◆ PROBLEM
Look for the line that has "using subterm_antichain_base[OF antichain]" in the material below; please repeat it and every line after it, exactly, up to and including the line that has "Wa \<inter> pair_closure", and nothing else.

────────────────

text \<open>The map \<open>u\<close> commutes with \<open>g\<close> and is the identity near \<open>c\<close>, hence on all of the last
bump \<open>(Q, c)\<close> of \<open>g\<close>; as \<open>u\<close> moves the points of \<open>(f0 (b n), f0 (d n))\<close>, \<open>f0 (d n) \<le> Q\<close>.\<close>

lemma f0_dn_less_d1: "f0 (d n) < d 1"
proof -
  obtain Q where Q: "a \<le> Q" "bump g Q c" using g_bump_ending_at_c by blast
  have "u Q = Q"
    using bump_commuting_fixes_ends[OF pl_homeo_u pl_homeo_g _ Q(2)] commute_g_u by (simp add: commute_on_sym)
  have "f0 (d n) < c" using f0_below orbital_meets_ac[OF n_mem] dn_less_c by fastforce
  define y where "y = (max Q (f0 (d n)) + c) / 2"
  have "y \<in> {Q<..<c}" "u y = y" using Q \<open>f0 (d n) < c\<close> u_fixed_right unfolding y_def bump_def by auto
  moreover have "commute_on {Q<..<c} u g"
    using commute_on_subset[OF commute_g_u] by (simp add: commute_on_sym)
  ultimately have u_id: "\<forall>x\<in>{Q<..<c}. u x = x"
    using bump_commuting_id_if_fixed_point[OF pl_homeo_g Q(2) pl_homeo_u \<open>u Q = Q\<close>] by blast
  have "f0 (d n) \<le> Q"
  proof (rule ccontr)
    assume "\<not> f0 (d n) \<le> Q"
    have J: "bump u (f0 (b n)) (f0 (d n))" using u_bump[OF f1_bump[OF n_mem]] .
    define x where "x = (max Q (f0 (b n)) + f0 (d n)) / 2"
    have "f0 (b n) < f0 (d n)" using J unfolding bump_def by blast
    then have "x \<in> {f0 (b n)<..<f0 (d n)}" "x \<in> {Q<..<c}"
      using \<open>\<not> f0 (d n) \<le> Q\<close> \<open>f0 (d n) < c\<close> unfolding x_def by (auto simp: max_def simp del: f0_f1_simps)
    then show False using J u_id unfolding bump_def by blast
  qed
  also have "Q < d 1" using g_fixed_point_below_d1 Q unfolding bump_def by simp
  finally show ?thesis .
qed

end

theorem lemma2p6:
  fixes f0 f1 :: "real \<Rightarrow> real" and a c :: real and n :: nat and b d :: "nat \<Rightarrow> real"
  assumes "PL0 f0" and "PL0 f1"
    and "pcomm (pconj f1 f0) (pmult f0 (pinv f1)) = id"
    and "pcomm (pmult f0 (pinv f1)) (pconj f1 (pmult f0 f0)) = id"
    and "down_bump f0 {a<..<c}"
    and "\<not> orbital f1 {a<..<c}"
    and "n \<ge> 1"
    and "\<forall>i\<in>{1..n}. b i < d i"
    and "\<forall>i\<in>{1..<n}. d i \<le> b (Suc i)"
    and "{B. orbital f1 B \<and> B \<inter> {a<..<c} \<noteq> {}} = (\<lambda>i. {b i<..<d i}) ` {1..n}"
  shows "d n < c \<and>
    (\<exists>\<rho>>a. \<forall>x\<in>{a..\<rho>}. f0 x = f1 x) \<and>
    b 1 = a \<and>
    (\<forall>\<rho>. (\<rho> \<in> {a..1} \<and> (\<forall>x\<in>{a..\<rho>}. f0 x = f1 x) \<and>
              (\<forall>\<sigma>\<in>{a..1}. (\<forall>x\<in>{a..\<sigma>}. f0 x = f1 x) \<longrightarrow> \<sigma> \<le> \<rho>))
            \<longrightarrow> f0 (d 1) \<le> \<rho>) \<and>
    f0 (d n) < d 1"
proof -
  interpret down_bump_setting f0 f1 a c n b d
    using assms by unfold_locales
  have "f0 (d 1) \<in> {a<..<c}" using f0_below[OF d1_mem] d1_mem by auto
  then have "f0 (d 1) \<in> {a..1}" "a < f0 (d 1)" using c_le_1 by auto
  then show ?thesis using dn_less_c b1_eq_a f0_eq_f1_below f0_dn_less_d1 by blast
qed

end
lemma merge_ends_subterms: "merge Q x S \<Longrightarrow> hd Q \<in> subterms x \<and> last Q \<in> subterms x"
proof (induction rule: merge.induct)
  case (merge_join Qa xa Sa Qb xb Sb Qm Sm)
  then have "hd (Qa @ Qm @ Qb) = hd Qa" "last (Qa @ Qm @ Qb) = last Qb"
    using merge_nonempty by auto
  with merge_join.IH show ?case
    by simp
qed simp

lemma merge_singleton_iff: "merge [z] x S \<longleftrightarrow> x = z \<and> S = {}"
proof
  assume "merge [z] x S"
  then show "x = z \<and> S = {}"
  proof (cases rule: merge.cases)
    case (merge_join Qa xa Sa Qb xb Sb Qm Sm)
    then have "Qa \<noteq> []" "Qb \<noteq> []"
      using merge_nonempty by blast+
    with merge_join(1) show ?thesis
      by (cases Qa) auto
  qed simp
qed (simp add: merge_single)

section \<open>Decompositions are determined by their labels\<close>

text \<open>Both decompositions join an arm built from a block \<open>Wa\<close> with an arm built from a disjoint
  block \<open>Wb\<close>, the remaining arms \<open>V\<close> being untouched: for a region \<open>Wa\<close> is its first arm, for
  a merge \<open>Wa\<close> and \<open>Wb\<close> are the two merged sub-blocks.\<close>

locale pair_join =
  fixes V Wa Wb :: "lbl set" and xa xb :: lbl
  assumes antichain: "subterm_antichain (V \<union> Wa \<union> Wb)"
    and disjoint: "V \<inter> Wa = {}" "V \<inter> Wb = {}" "Wa \<inter> Wb = {}"
    and xa: "xa \<in> pair_closure Wa" and xb: "xb \<in> pair_closure Wb"
begin

abbreviation joined :: "lbl set" where
  "joined \<equiv> V \<union> {Pr xa xb, Pr xb xa}"

lemma subterm_in_base:
  "t \<in> pair_closure W \<Longrightarrow> W \<subseteq> V \<union> Wa \<union> Wb \<Longrightarrow> u \<in> V \<union> Wa \<union> Wb \<Longrightarrow> u \<in> subterms t \<Longrightarrow> u \<in> W"
  using subterm_antichain_base[OF antichain] by blast

lemma base_witnesses:
  obtains ua ub where "ua \<in> Wa" "ua \<in> subterms xa" "ub \<in> Wb" "ub \<in> subterms xb"
    and "\<And>p. p \<in> {Pr xa xb, Pr xb xa} \<Longrightarrow> ua \<in> subterms p \<and> ub \<in> subterms p"
proof -
  obtain ua ub where "ua \<in> Wa" "ua \<in> subterms xa" "ub \<in> Wb" "ub \<in> subterms xb"
    using pair_closure_base_subterm[OF xa] pair_closure_base_subterm[OF xb] by blast
  then show thesis
    by (intro that) auto
qed

lemma closure_disjoint: "pair_closure Wa \<inter> pair_closure Wb = {}"
  using pair_closure_disjoint[OF antichain, of Wa Wb] disjoint by blast

lemma Pr_swap_ne: "Pr xa xb \<noteq> Pr xb xa"
  using closure_disjoint xa xb by auto

lemma Pr_notin_arms: "p \<in> {Pr xa xb, Pr xb xa} \<Longrightarrow> p \<notin> V \<union> Wa \<union> Wb"
proof
  assume "p \<in> {Pr xa xb, Pr xb xa}" "p \<in> V \<union> Wa \<union> Wb"
  moreover obtain ua ub where "ua \<in> Wa" "ub \<in> Wb" "ua \<in> subterms p" "ub \<in> subterms p"
    using base_witnesses \<open>p \<in> {Pr xa xb, Pr xb xa}\<close> by metis
  ultimately have "ua = p" "ub = p"
    using antichain unfolding subterm_antichain_def by blast+
  with \<open>ua \<in> Wa\<close> \<open>ub \<in> Wb\<close> disjoint(3) show False
    by blast
qed

lemma Pr_notin_subterms_swap: "Pr xa xb \<notin> subterms (Pr xb xa)" "Pr xb xa \<notin> subterms (Pr xa xb)"
proof -
  obtain ua ub where ends: "ua \<in> Wa" "ua \<in> subterms xa" "ub \<in> Wb" "ub \<in> subterms xb"
    using base_witnesses by blast
  have "ua \<notin> subterms xb" "ub \<notin> subterms xa"
    using subterm_in_base[OF xb, of ua] subterm_in_base[OF xa, of ub] ends disjoint(3) by blast+
  then have "Pr xa xb \<notin> subterms xb" "Pr xb xa \<notin> subterms xa"
    using ends subterms_trans[of ua "Pr xa xb" xb] subterms_trans[of ub "Pr xb xa" xa] by auto
  with Pr_swap_ne show "Pr xa xb \<notin> subterms (Pr xb xa)" "Pr xb xa \<notin> subterms (Pr xa xb)"
    by auto
qed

────────────────

◆ OUTPUT OF THE TASK
  using subterm_antichain_base[OF antichain] by blast

lemma base_witnesses:
  obtains ua ub where "ua \<in> Wa" "ua \<in> subterms xa" "ub \<in> Wb" "ub \<in> subterms xb"
    and "\<And>p. p \<in> {Pr xa xb, Pr xb xa} \<Longrightarrow> ua \<in> subterms p \<and> ub \<in> subterms p"
proof -
  obtain ua ub where "ua \<in> Wa" "ua \<in> subterms xa" "ub \<in> Wb" "ub \<in> subterms xb"
    using pair_closure_base_subterm[OF xa] pair_closure_base_subterm[OF xb] by blast
  then show thesis
    by (intro that) auto
qed

lemma closure_disjoint: "pair_closure Wa \<inter> pair_closure Wb = {}"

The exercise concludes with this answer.